Directions for this task: Make an exact copy of the lines starting at the top of the listing below and ending at the line that contains "with assms(3) show ?thesis", inclusive.

..........

lemma OPT_le_dual_bound:
  assumes I: "valid_instance L U I" and "0 \<le> C" and "0 \<le> \<Theta>"
    and \<theta>_le: "\<And>n. n < length I \<Longrightarrow> \<theta> n \<le> \<Theta>"
    and v: "\<And>n x. n < length I \<Longrightarrow> 0 \<le> x \<Longrightarrow> x \<le> fst (I ! n) \<Longrightarrow>
      snd (I ! n) x - (L + \<theta> n) * x \<le> v n"
  shows "OPT C L I \<le> C * L + \<Theta> * C + (\<Sum>n<length I. v n)"
  unfolding OPT_def
proof (rule cSup_least)
  show "objective C L I ` {y. feasible_alloc C I y} \<noteq> {}"
    using feasible_alloc_zero[OF I \<open>0 \<le> C\<close>] by blast
next
  fix z
  assume "z \<in> objective C L I ` {y. feasible_alloc C I y}"
  then obtain y where z: "z = objective C L I y" and "feasible_alloc C I y"
    by blast
  then have y: "\<And>n. n < length I \<Longrightarrow> 0 \<le> y n \<and> y n \<le> fst (I ! n)"
    and total: "(\<Sum>n<length I. y n) \<le> C"
    by (auto simp: feasible_alloc_def)
  have "(\<Sum>n<length I. snd (I ! n) (y n) - L * y n)
      = (\<Sum>n<length I. snd (I ! n) (y n) - (L + \<theta> n) * y n) + (\<Sum>n<length I. \<theta> n * y n)"
    by (simp add: algebra_simps sum.distrib[symmetric])
  also have "\<dots> \<le> (\<Sum>n<length I. v n) + (\<Sum>n<length I. \<Theta> * y n)"
    using y v \<theta>_le by (intro add_mono sum_mono mult_right_mono) auto
  also have "\<dots> \<le> (\<Sum>n<length I. v n) + \<Theta> * C"
    using total \<open>0 \<le> \<Theta>\<close> by (simp add: sum_distrib_left[symmetric] mult_left_mono)
  finally show "z \<le> C * L + \<Theta> * C + (\<Sum>n<length I. v n)"
    unfolding z objective_eq by linarith
qed

lemma online_decisions_take:
  "n < k \<Longrightarrow> online_decisions A (take k I) n = online_decisions A I n"
  by (simp add: online_decisions_def min_def)

lemma OPT_le_competitive_ratio_mul_ALG:
  assumes "valid_instance L U I" and "competitive_ratio C L U A \<le> ereal r"
    and "0 < ALG C L A I"
  shows "OPT C L I \<le> r * ALG C L A I"
proof -
  have "ereal (OPT C L I / ALG C L A I) \<le> competitive_ratio C L U A"
    unfolding competitive_ratio_def using assms(1) by (intro SUP_upper) auto
  then have "OPT C L I / ALG C L A I \<le> r"
    using assms(2) by (metis ereal_less_eq(3) order_trans)
  with assms(3) show ?thesis
    by (simp add: pos_divide_le_eq mult.commute)
qed

section \<open>Lower bound: adversarial instances with rising prices\<close>

definition linear_instance :: "real \<Rightarrow> (nat \<Rightarrow> real) \<Rightarrow> nat \<Rightarrow> item list" where
  "linear_instance D p k = map (\<lambda>n. (D, \<lambda>y. p n * y)) [0..<k]"

lemma length_linear_instance [simp]: "length (linear_instance D p k) = k"
  by (simp add: linear_instance_def)

lemma nth_linear_instance [simp]: "n < k \<Longrightarrow> linear_instance D p k ! n = (D, \<lambda>y. p n * y)"
  by (simp add: linear_instance_def del: upt_Suc)

lemma take_linear_instance: "j \<le> k \<Longrightarrow> take j (linear_instance D p k) = linear_instance D p j"
  by (simp add: linear_instance_def take_map del: upt_Suc)

lemma valid_item_linear:
  assumes "0 \<le> L" and "L \<le> p" and "p \<le> U" and "0 < D"
  shows "valid_item L U (D, \<lambda>y. p * y)"
proof -
  have "mono_on {0..D} (\<lambda>y. p * y)"
    using assms by (intro mono_onI) (auto intro: mult_left_mono)
  moreover have "concave_on {0..D} (\<lambda>y. p * y)"
    unfolding concave_on_iff by (auto simp: algebra_simps)
  moreover have "((\<lambda>y. p * y) has_real_derivative p) (at x within {0..D})" for x
    by (auto intro!: derivative_eq_intros)
  ultimately show ?thesis
    using assms unfolding valid_item_def by (auto intro!: exI[of _ p])
qed

lemma valid_instance_linear_instance:
  assumes "0 \<le> L" and "0 < D" and "\<And>n. n < k \<Longrightarrow> L \<le> p n \<and> p n \<le> U"
  shows "valid_instance L U (linear_instance D p k)"
  using assms by (auto simp: valid_instance_def linear_instance_def intro!: valid_item_linear)

lemma objective_linear_instance:
  "objective C L (linear_instance D p k) y = C * L + (\<Sum>n<k. (p n - L) * y n)"
  by (simp add: objective_eq algebra_simps)

lemma OPT_linear_instance_ge:
  assumes "valid_instance L U (linear_instance C p k)" and "0 \<le> L" and "0 \<le> C" and "j < k"
  shows "C * p j \<le> OPT C L (linear_instance C p k)"
proof -
  define y where "y n = (if n = j then C else 0)" for n
  have "feasible_alloc C (linear_instance C p k) y"
    using assms by (auto simp: feasible_alloc_def y_def)
  then have "objective C L (linear_instance C p k) y \<le> OPT C L (linear_instance C p k)"
    using assms by (intro objective_le_OPT) auto
  moreover have "objective C L (linear_instance C p k) y = C * p j"
    using assms(4) by (simp add: objective_linear_instance y_def algebra_simps if_distrib sum.If_cases)
  ultimately show ?thesis
    by simp
qed

lemma geometric_weighted_sum_ge:
  fixes s :: "nat \<Rightarrow> real"
  assumes \<rho>: "1 \<le> \<rho>"
    and weighted: "\<And>j. j \<le> m \<Longrightarrow> c * (\<rho> ^ j - 1) \<le> (\<Sum>n\<le>j. \<rho> ^ n * s n)"
  shows "c * real m * (1 - 1 / \<rho>) \<le> (\<Sum>n\<le>m. s n)"
proof -
  define T where "T j = (\<Sum>n\<le>j. \<rho> ^ n * s n)" for j
  have \<rho>_pow: "0 < \<rho> ^ j" for j
    using \<rho> by simp
  \<comment> \<open>Abel summation, writing \<open>s n\<close> as \<open>(T n - T (n - 1)) / \<rho> ^ n\<close>\<close>
  have abel: "c * (real j * (1 - 1 / \<rho>) - 1 + 1 / \<rho> ^ j)
      \<le> (\<Sum>n\<le>j. s n) - T j / \<rho> ^ j"
    if "j \<le> m" for j
    using that
  proof (induction j)
    case 0
    then show ?case by (simp add: T_def)
  next
    case (Suc j)
    have "0 \<le> 1 / \<rho> ^ j - 1 / \<rho> ^ Suc j"
      using \<rho> \<rho>_pow[of j] by (simp add: field_simps)
    then have "c * (\<rho> ^ j - 1) * (1 / \<rho> ^ j - 1 / \<rho> ^ Suc j)
        \<le> T j * (1 / \<rho> ^ j - 1 / \<rho> ^ Suc j)"
      using weighted[of j] Suc.prems by (intro mult_right_mono) (simp_all add: T_def)
    moreover have "T (Suc j) / \<rho> ^ Suc j = T j / \<rho> ^ Suc j + s (Suc j)"
      using \<rho> by (simp add: T_def add_divide_distrib)
    then have "(\<Sum>n\<le>Suc j. s n) - T (Suc j) / \<rho> ^ Suc j
        = ((\<Sum>n\<le>j. s n) - T j / \<rho> ^ j) + T j * (1 / \<rho> ^ j - 1 / \<rho> ^ Suc j)"
      by (simp add: algebra_simps)
    moreover have "c * (real (Suc j) * (1 - 1 / \<rho>) - 1 + 1 / \<rho> ^ Suc j)
        = c * (real j * (1 - 1 / \<rho>) - 1 + 1 / \<rho> ^ j)
          + c * (\<rho> ^ j - 1) * (1 / \<rho> ^ j - 1 / \<rho> ^ Suc j)"
      using \<rho>_pow[of j] \<rho> by (simp add: field_simps)
    ultimately show ?case
      using Suc by simp
  qed
  have "c * (\<rho> ^ m - 1) / \<rho> ^ m \<le> T m / \<rho> ^ m"
    using weighted[of m] \<rho>_pow[of m] by (simp add: T_def divide_right_mono)
  moreover have "c * (\<rho> ^ m - 1) / \<rho> ^ m = c * (1 - 1 / \<rho> ^ m)"
    using \<rho> by (simp add: right_diff_distrib diff_divide_distrib)
  moreover have "c * real m * (1 - 1 / \<rho>)
      = c * (real m * (1 - 1 / \<rho>) - 1 + 1 / \<rho> ^ m) + c * (1 - 1 / \<rho> ^ m)"
    by (simp add: algebra_simps)
  ultimately show ?thesis
    using abel[of m] by linarith
qed

lemma linear_instance_prefix_bound:
  assumes C: "0 < C" and L: "0 < L" and A: "feasible_online C L U A"
    and ratio: "competitive_ratio C L U A \<le> ereal r"
    and p: "\<And>n. n < k \<Longrightarrow> L \<le> p n \<and> p n \<le> U" and "j < k"
  shows "C * p j
    \<le> r * (C * L + (\<Sum>n\<le>j. (p n - L) * online_decisions A (linear_instance C p k) n))"
proof -
  define d where "d = online_decisions A (linear_instance C p k)"
  define J where "J = linear_instance C p (Suc j)"
  have valid: "valid_instance L U (linear_instance C p k')" if "k' \<le> k" for k'
    using L C p that by (intro valid_instance_linear_instance) auto
  have "feasible_alloc C (linear_instance C p k) d"
    using A valid[of k] by (simp add: feasible_online_def d_def)
  then have d: "\<And>n. n < k \<Longrightarrow> 0 \<le> d n"
    by (simp add: feasible_alloc_def)
  have "J = take (Suc j) (linear_instance C p k)"
    using \<open>j < k\<close> by (simp add: J_def take_linear_instance)
  then have dJ: "online_decisions A J n = d n" if "n < Suc j" for n
    using that by (simp add: d_def online_decisions_take)
  have "ALG C L A J = C * L + (\<Sum>n<Suc j. (p n - L) * online_decisions A J n)"
    unfolding ALG_def J_def by (rule objective_linear_instance)
  also have "\<dots> = C * L + (\<Sum>n\<le>j. (p n - L) * d n)"
    using dJ by (simp add: lessThan_Suc_atMost)
  finally have ALG: "ALG C L A J = C * L + (\<Sum>n\<le>j. (p n - L) * d n)" .
  have "0 \<le> (\<Sum>n\<le>j. (p n - L) * d n)"
    using p d \<open>j < k\<close> by (intro sum_nonneg) simp
  then have "0 < ALG C L A J"
    using ALG C L by (simp add: add_pos_nonneg)
  then have "OPT C L J \<le> r * ALG C L A J"
    using valid[of "Suc j"] \<open>j < k\<close> ratio
    by (intro OPT_le_competitive_ratio_mul_ALG) (simp_all add: J_def)
  moreover have "C * p j \<le> OPT C L J"
    unfolding J_def using valid[of "Suc j"] \<open>j < k\<close> C L
    by (intro OPT_linear_instance_ge) simp_all
  ultimately show ?thesis
    using ALG by (simp add: d_def)
qed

..........

Output for this task:
lemma OPT_le_dual_bound:
  assumes I: "valid_instance L U I" and "0 \<le> C" and "0 \<le> \<Theta>"
    and \<theta>_le: "\<And>n. n < length I \<Longrightarrow> \<theta> n \<le> \<Theta>"
    and v: "\<And>n x. n < length I \<Longrightarrow> 0 \<le> x \<Longrightarrow> x \<le> fst (I ! n) \<Longrightarrow>
      snd (I ! n) x - (L + \<theta> n) * x \<le> v n"
  shows "OPT C L I \<le> C * L + \<Theta> * C + (\<Sum>n<length I. v n)"
  unfolding OPT_def
proof (rule cSup_least)
  show "objective C L I ` {y. feasible_alloc C I y} \<noteq> {}"
    using feasible_alloc_zero[OF I \<open>0 \<le> C\<close>] by blast
next
  fix z
  assume "z \<in> objective C L I ` {y. feasible_alloc C I y}"
  then obtain y where z: "z = objective C L I y" and "feasible_alloc C I y"
    by blast
  then have y: "\<And>n. n < length I \<Longrightarrow> 0 \<le> y n \<and> y n \<le> fst (I ! n)"
    and total: "(\<Sum>n<length I. y n) \<le> C"
    by (auto simp: feasible_alloc_def)
  have "(\<Sum>n<length I. snd (I ! n) (y n) - L * y n)
      = (\<Sum>n<length I. snd (I ! n) (y n) - (L + \<theta> n) * y n) + (\<Sum>n<length I. \<theta> n * y n)"
    by (simp add: algebra_simps sum.distrib[symmetric])
  also have "\<dots> \<le> (\<Sum>n<length I. v n) + (\<Sum>n<length I. \<Theta> * y n)"
    using y v \<theta>_le by (intro add_mono sum_mono mult_right_mono) auto
  also have "\<dots> \<le> (\<Sum>n<length I. v n) + \<Theta> * C"
    using total \<open>0 \<le> \<Theta>\<close> by (simp add: sum_distrib_left[symmetric] mult_left_mono)
  finally show "z \<le> C * L + \<Theta> * C + (\<Sum>n<length I. v n)"
    unfolding z objective_eq by linarith
qed

lemma online_decisions_take:
  "n < k \<Longrightarrow> online_decisions A (take k I) n = online_decisions A I n"
  by (simp add: online_decisions_def min_def)

lemma OPT_le_competitive_ratio_mul_ALG:
  assumes "valid_instance L U I" and "competitive_ratio C L U A \<le> ereal r"
    and "0 < ALG C L A I"
  shows "OPT C L I \<le> r * ALG C L A I"
proof -
  have "ereal (OPT C L I / ALG C L A I) \<le> competitive_ratio C L U A"
    unfolding competitive_ratio_def using assms(1) by (intro SUP_upper) auto
  then have "OPT C L I / ALG C L A I \<le> r"
    using assms(2) by (metis ereal_less_eq(3) order_trans)
  with assms(3) show ?thesis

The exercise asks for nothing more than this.